Carl explains the story of the Stewart Clan

The first traceable Stewart ancestor took part in the Norman Invasion of Britain.

One of his descendants became hereditary High Steward of Scotland and took the name of his office as his surname.

In office, the Stewarts were efficient, popular, and prosperous. They held the appointment for about 200 years till the 7th High Steward became king. Their troubles started when they mounted the throne.

Because of their position, the Stewarts were known as the clan without a chief. More romantically, they were known as the Unlucky House of Stewart. But the Stewarts had countless opportunities to change their luck, and every opportunity was ignored or hampered by their unshakable belief in themselves. No matter what, they knew best.

The Stewarts were on of Europe’s great royal dynasties. They were builders and noted patrons of the arts and sciences. Churches, abbeys and castles were built during their reign.

But their artistic endeavours ran alongside murder, feud, intrigue and rebellion, innumerable burnings of castles, towns and at least one cathedral.

Elgin Cathedral was known as The Lantern of the North. It was the second biggest cathedral in Scotland and a national centre of learning and culture, most of which was destroyed when the library was burned by Alexander Stewart, a belligerent paranoiac formally known Earl of Buchan, better known as the Wolf of Badenoch.

If the Wolf was a villain, his elder brother Robert, Duke of Albany, was even worse. For years Albany was the power behind the throne, but he set his sights on securing the crown and establishing an Albany Stewart dynasty. The king’s sons David and James were first and second in line to the throne. Albany had his nephew David arrested and starved to death in prison.

King Robert III was horrified and sent his second son to France. But the prince was captured by pirates and sold as a hostage to the King of England. King Robert III died in April, 1406 wishing to be buried on a dung heap, having composed his epitaph: Here lies the worst of kings and the most wretched of men.

When his son returned as King James 1, he avenged the murder of his brother and had his Albany Stewart cousins executed.

Edinburgh Castle (pictured) and Stirling Castle were owned by the Stewarts as the royal family

The reign of the early Stewart kings coincided with the rise of MacDonalds as the Lords of the Isles. When the Lordship was destroyed by in-fighting and a power struggle, the Stewart ruthlessness became evident. James IV stripped their enemy of the very title, Lord of the Isles.

Not that the Stewarts were strangers to patronage. The first Scottish marquis was a Stewart, as were Scotland’s first four dukes.
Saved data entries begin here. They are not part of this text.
lemma ex_sum_with_linear_lp_sum:
  fixes w :: "nat \<Rightarrow> 'a \<Rightarrow> 'k::real_normed_vector"
  assumes p: "0 < p"
    and w: "\<And>n. in_lp p (w n) A" "\<And>n. lp_sum p (w n) A \<le> C"
    and null: "\<And>x. x \<in> A \<Longrightarrow> (\<lambda>n. w n x) \<longlonglongrightarrow> 0"
  shows "\<exists>m. in_lp p (\<lambda>x. \<Sum>k<N. w (m k) x) A \<and>
    lp_sum p (\<lambda>x. \<Sum>k<N. w (m k) x) A \<le> real N * (1 + 2 powr p * (1 + C))"
proof (induction N)
  case 0
  then show ?case by (simp add: in_lp_def lp_sum_def)
next
  case (Suc N)
  then obtain m where m: "in_lp p (\<lambda>x. \<Sum>k<N. w (m k) x) A"
    "lp_sum p (\<lambda>x. \<Sum>k<N. w (m k) x) A \<le> real N * (1 + 2 powr p * (1 + C))"
    by blast
  obtain n where n: "in_lp p (\<lambda>x. (\<Sum>k<N. w (m k) x) + w n x) A"
    "lp_sum p (\<lambda>x. (\<Sum>k<N. w (m k) x) + w n x) A
       \<le> lp_sum p (\<lambda>x. \<Sum>k<N. w (m k) x) A + (1 + 2 powr p * (1 + C))"
    by (rule ex_term_with_lp_sum_add_le[OF p m(1) w null])
  have "(\<Sum>k<Suc N. w ((m(N := n)) k) x) = (\<Sum>k<N. w (m k) x) + w n x" for x
    by simp
  with n m(2) show ?case
    by (intro exI[of _ "m(N := n)"]) (simp add: algebra_simps)
qed

lemma ex_mean_with_small_lp_sum:
  fixes w :: "nat \<Rightarrow> 'a \<Rightarrow> 'k::real_normed_vector"
  assumes p: "1 < p"
    and w: "\<And>n. in_lp p (w n) A" "\<And>n. lp_sum p (w n) A \<le> C"
    and null: "\<And>x. x \<in> A \<Longrightarrow> (\<lambda>n. w n x) \<longlonglongrightarrow> 0"
    and \<delta>: "0 < \<delta>"
  obtains N m where "0 < N" "lp_sum p (\<lambda>x. (\<Sum>k<N. w (m k) x) /\<^sub>R real N) A < \<delta>"
proof -
  define D where "D = 1 + 2 powr p * (1 + C)"
  have "(\<lambda>N. real N powr (1 - p)) \<longlonglongrightarrow> 0"
    using p by (intro tendsto_neg_powr filterlim_real_sequentially) auto
  then have "(\<lambda>N. D * real N powr (1 - p)) \<longlonglongrightarrow> D * 0"
    by (rule tendsto_mult_left)
  then have "\<forall>\<^sub>F N in sequentially. D * real N powr (1 - p) < \<delta>"
    using \<delta> by (intro order_tendstoD) auto
  moreover have "\<forall>\<^sub>F N in sequentially. 0 < N"
    by (rule eventually_gt_at_top)
  ultimately obtain N where N: "D * real N powr (1 - p) < \<delta>" "0 < N"
    by (metis (mono_tags, lifting) eventually_conj eventually_sequentially order.refl)
  obtain m where m: "lp_sum p (\<lambda>x. \<Sum>k<N. w (m k) x) A \<le> real N * D"
    using ex_sum_with_linear_lp_sum[OF _ w null, of N] p unfolding D_def by auto
  have "lp_sum p (\<lambda>x. (\<Sum>k<N. w (m k) x) /\<^sub>R real N) A
      = real N powr - p * lp_sum p (\<lambda>x. \<Sum>k<N. w (m k) x) A"
    by (simp add: lp_sum_scaleR powr_minus inverse_powr)
  also have "\<dots> \<le> real N powr - p * (real N * D)"
    using m by (intro mult_left_mono) auto
  also have "\<dots> = D * real N powr (1 - p)"
    using N(2) by (simp add: powr_diff powr_minus divide_inverse)
  finally show thesis
    using N by (intro that[of N m]) auto
qed

lemma conv_finite_support:
  fixes \<xi> f :: "'g::group_add \<Rightarrow> 'k::real_normed_field"
  assumes "finite {\<gamma>. \<xi> \<gamma> \<noteq> 0}"
  shows "conv \<xi> f \<eta> = (\<Sum>\<gamma>\<in>{\<gamma>. \<xi> \<gamma> \<noteq> 0}. \<xi> \<gamma> * f (- \<gamma> + \<eta>))"
proof -
  have "conv \<xi> f \<eta> = (\<Sum>\<^sub>\<infinity>\<gamma>\<in>{\<gamma>. \<xi> \<gamma> \<noteq> 0}. \<xi> \<gamma> * f (- \<gamma> + \<eta>))"
    unfolding conv_def by (rule infsum_cong_neutral) auto
  with assms show ?thesis by simp
qed

lemma conv_dirac_diff:
  fixes u :: "'g::group_add \<Rightarrow> 'k::real_normed_field"
  shows "conv (\<lambda>x. dirac s x - dirac 0 x) u \<eta> = u (- s + \<eta>) - u \<eta>"
proof (cases "s = 0")
  case True
  then show ?thesis unfolding conv_def by simp
next
  case False
  have "conv (\<lambda>x. dirac s x - dirac 0 x) u \<eta> =
      (\<Sum>\<^sub>\<infinity>\<gamma>\<in>{s, 0}. (dirac s \<gamma> - dirac 0 \<gamma>) * u (- \<gamma> + \<eta>))"
    unfolding conv_def by (rule infsum_cong_neutral) (auto simp: dirac_def)
  with False show ?thesis by (simp add: dirac_def)
qed

lemma in_lp_translate:
  fixes a :: "'g::group_add \<Rightarrow> 'k::real_normed_vector"
  assumes "in_lp p a UNIV"
  shows "in_lp p (\<lambda>\<eta>. a (x + \<eta>)) UNIV"
proof -
  have "bij_betw (\<lambda>\<eta>. x + \<eta>) UNIV UNIV"
    by (rule bij_betw_byWitness[of _ "\<lambda>\<eta>. - x + \<eta>"]) (auto simp: add.assoc[symmetric])
  from summable_on_reindex_bij_betw[OF this, of "\<lambda>\<eta>. norm (a \<eta>) powr p"] assms
  show ?thesis
    unfolding in_lp_def by simp
qed

lemma in_lp_diff_generator:
  fixes f :: "'g::group_add \<Rightarrow> 'k::real_normed_vector"
  assumes "in_Dp S p f" "s \<in> S"
  shows "in_lp p (\<lambda>\<eta>. f \<eta> - f (- s + \<eta>)) UNIV"
proof -
  define \<iota> where "\<iota> \<eta> = (\<eta>, - s + \<eta>)" for \<eta> :: 'g
  have "range \<iota> \<subseteq> cayley_edges S"
    using assms(2) unfolding \<iota>_def cayley_edges_def by auto
  with assms(1) have "(\<lambda>e. norm (grad f e) powr p) summable_on range \<iota>"
    unfolding in_Dp_def in_lp_def using summable_on_subset by blast
  moreover have "inj \<iota>"
    unfolding \<iota>_def by (auto intro: injI)
  ultimately have "((\<lambda>e. norm (grad f e) powr p) \<circ> \<iota>) summable_on UNIV"
    using summable_on_reindex by blast
  then show ?thesis
    unfolding in_lp_def \<iota>_def grad_def o_def by (simp add: norm_minus_commute)
qed

lemma in_lp_diff_translate:
  fixes f :: "'g::group_add \<Rightarrow> 'k::real_normed_vector"
  assumes p: "0 < p" and f: "in_Dp S p f" and \<gamma>: "\<gamma> \<in> generated_by S"
  shows "in_lp p (\<lambda>\<eta>. f \<eta> - f (- \<gamma> + \<eta>)) UNIV"
  using \<gamma>
proof (induction rule: generated_by.induct)
  case gen_zero
  then show ?case by (simp add: in_lp_def)
next
  case (gen_step s x)
  have "in_lp p (\<lambda>\<eta>. (f \<eta> - f (- s + \<eta>)) + (f (- s + \<eta>) - f (- x + (- s + \<eta>)))) UNIV"
    by (rule in_lp_add[OF p in_lp_diff_generator[OF f gen_step(1)] in_lp_translate[OF gen_step(3)]])
  then show ?case
    by (simp add: minus_add add.assoc[symmetric])
qed

lemma in_lp_diff_conv:
  fixes f :: "'g::group_add \<Rightarrow> 'k::real_normed_field"
  assumes p: "0 < p" and f: "in_Dp S p f" and gen: "generated_by S = UNIV"
    and fin: "finite {\<gamma>. \<xi> \<gamma> \<noteq> 0}" and mass: "(\<Sum>\<gamma>\<in>{\<gamma>. \<xi> \<gamma> \<noteq> 0}. \<xi> \<gamma>) = 1"
  shows "in_lp p (\<lambda>x. f x - conv \<xi> f x) UNIV"
proof -
  have "f x - conv \<xi> f x = (\<Sum>\<gamma>\<in>{\<gamma>. \<xi> \<gamma> \<noteq> 0}. \<xi> \<gamma> * (f x - f (- \<gamma> + x)))" for x
    by (simp add: conv_finite_support[OF fin] mass sum_distrib_right[symmetric]
        right_diff_distrib sum_subtractf)
  moreover have "in_lp p (\<lambda>x. \<Sum>\<gamma>\<in>{\<gamma>. \<xi> \<gamma> \<noteq> 0}. \<xi> \<gamma> * (f x - f (- \<gamma> + x))) UNIV"
    using gen by (intro in_lp_sum[OF p fin] in_lp_mult_left in_lp_diff_translate[OF p f]) auto
  ultimately show ?thesis by simp
qed

lemma Dp_norm_eq_lp_sum:
  fixes h :: "'g::group_add \<Rightarrow> 'k::real_normed_vector"
  shows "Dp_norm S p (\<lambda>x. h x - h 0) =
    lp_sum p (\<lambda>z. h (- fst z + snd z) - h (snd z)) (S \<times> UNIV) powr (1 / p)"
proof -
  have "bij_betw (\<lambda>z. (snd z, - fst z + snd z)) (S \<times> UNIV) (cayley_edges S)"
    unfolding bij_betw_def cayley_edges_def by (force intro!: inj_onI)
  then have "(\<Sum>\<^sub>\<infinity>e\<in>cayley_edges S. norm (grad (\<lambda>x. h x - h 0) e) powr p)
      = lp_sum p (\<lambda>z. h (- fst z + snd z) - h (snd z)) (S \<times> UNIV)"
    unfolding lp_sum_def by (subst infsum_reindex_bij_betw[symmetric]) (auto simp: grad_def)
  then show ?thesis
    unfolding Dp_norm_def by simp
qed

lemma ex_mean_with_small_Dp_norm:
  fixes h :: "nat \<Rightarrow> 'g::group_add \<Rightarrow> 'k::real_normed_vector"
  assumes S: "finite S" and p: "1 < p" and \<epsilon>: "0 < \<epsilon>"
    and diff_lp: "\<And>n s. s \<in> S \<Longrightarrow> in_lp p (\<lambda>x. h n (- s + x) - h n x) UNIV"
    and diff_bound: "\<And>n s. s \<in> S \<Longrightarrow> lp_sum p (\<lambda>x. h n (- s + x) - h n x) UNIV \<le> C"
    and diff_null: "\<And>s x. s \<in> S \<Longrightarrow> (\<lambda>n. h n (- s + x) - h n x) \<longlonglongrightarrow> 0"
  obtains N m where "0 < N"
    "Dp_norm S p (\<lambda>x. (\<Sum>k<N. h (m k) x) /\<^sub>R real N - (\<Sum>k<N. h (m k) 0) /\<^sub>R real N) < \<epsilon>"
proof -
  define w where "w n z = h n (- fst z + snd z) - h n (snd z)" for n z
  have w_lp: "in_lp p (w n) (S \<times> UNIV)" for n
    by (rule lp_sum_Times_finite(1)[OF S]) (simp add: w_def diff_lp)
  have w_bound: "lp_sum p (w n) (S \<times> UNIV) \<le> real (card S) * C" for n
  proof -
    have "lp_sum p (w n) (S \<times> UNIV) = (\<Sum>s\<in>S. lp_sum p (\<lambda>x. h n (- s + x) - h n x) UNIV)"
      using lp_sum_Times_finite(2)[OF S, of p "w n" UNIV] diff_lp by (simp add: w_def)
    also have "\<dots> \<le> (\<Sum>s\<in>S. C)"
      by (intro sum_mono diff_bound)
    finally show ?thesis by simp
  qed
  have w_null: "(\<lambda>n. w n z) \<longlonglongrightarrow> 0" if "z \<in> S \<times> UNIV" for z
    using diff_null[of "fst z" "snd z"] that unfolding w_def by auto
  have "0 < \<epsilon> powr p"
    using \<epsilon> by simp
  with ex_mean_with_small_lp_sum[OF p w_lp w_bound w_null] obtain N m where N: "0 < N"
    and small: "lp_sum p (\<lambda>z. (\<Sum>k<N. w (m k) z) /\<^sub>R real N) (S \<times> UNIV) < \<epsilon> powr p"
    by blast
  define H where "H x = (\<Sum>k<N. h (m k) x) /\<^sub>R real N" for x
  have "Dp_norm S p (\<lambda>x. H x - H 0)
      = lp_sum p (\<lambda>z. (\<Sum>k<N. w (m k) z) /\<^sub>R real N) (S \<times> UNIV) powr (1 / p)"
    unfolding Dp_norm_eq_lp_sum unfolding H_def w_def by (simp add: scaleR_diff_right sum_subtractf)
  also have "\<dots> < (\<epsilon> powr p) powr (1 / p)"
    using small p lp_sum_nonneg by (intro powr_less_mono2) auto
  also have "\<dots> = \<epsilon>"
    using p \<epsilon> by (simp add: powr_powr)
  finally show thesis
    using N unfolding H_def by (rule that[rotated])
qed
And at one time they held 16 earldoms from Galloway to Orkney.

Their line ended with the death of Queen Anne, though her father, King James II of England and Vii of Scotland, continued to claim both thrones to which he had been crowned. His supporters were known as Jacobites and their cause ended when his grandson, Charles Edward Stuart, better known as Bonnie Prince Charlie’s forces were defeated on Culloden Moor in 1745.

The spelling was anglicised following the Union of the Crowns in 1603 and today their red tartan is the most popular of any, a fashion statement wore across the world by those who know little or nothing of it’s past.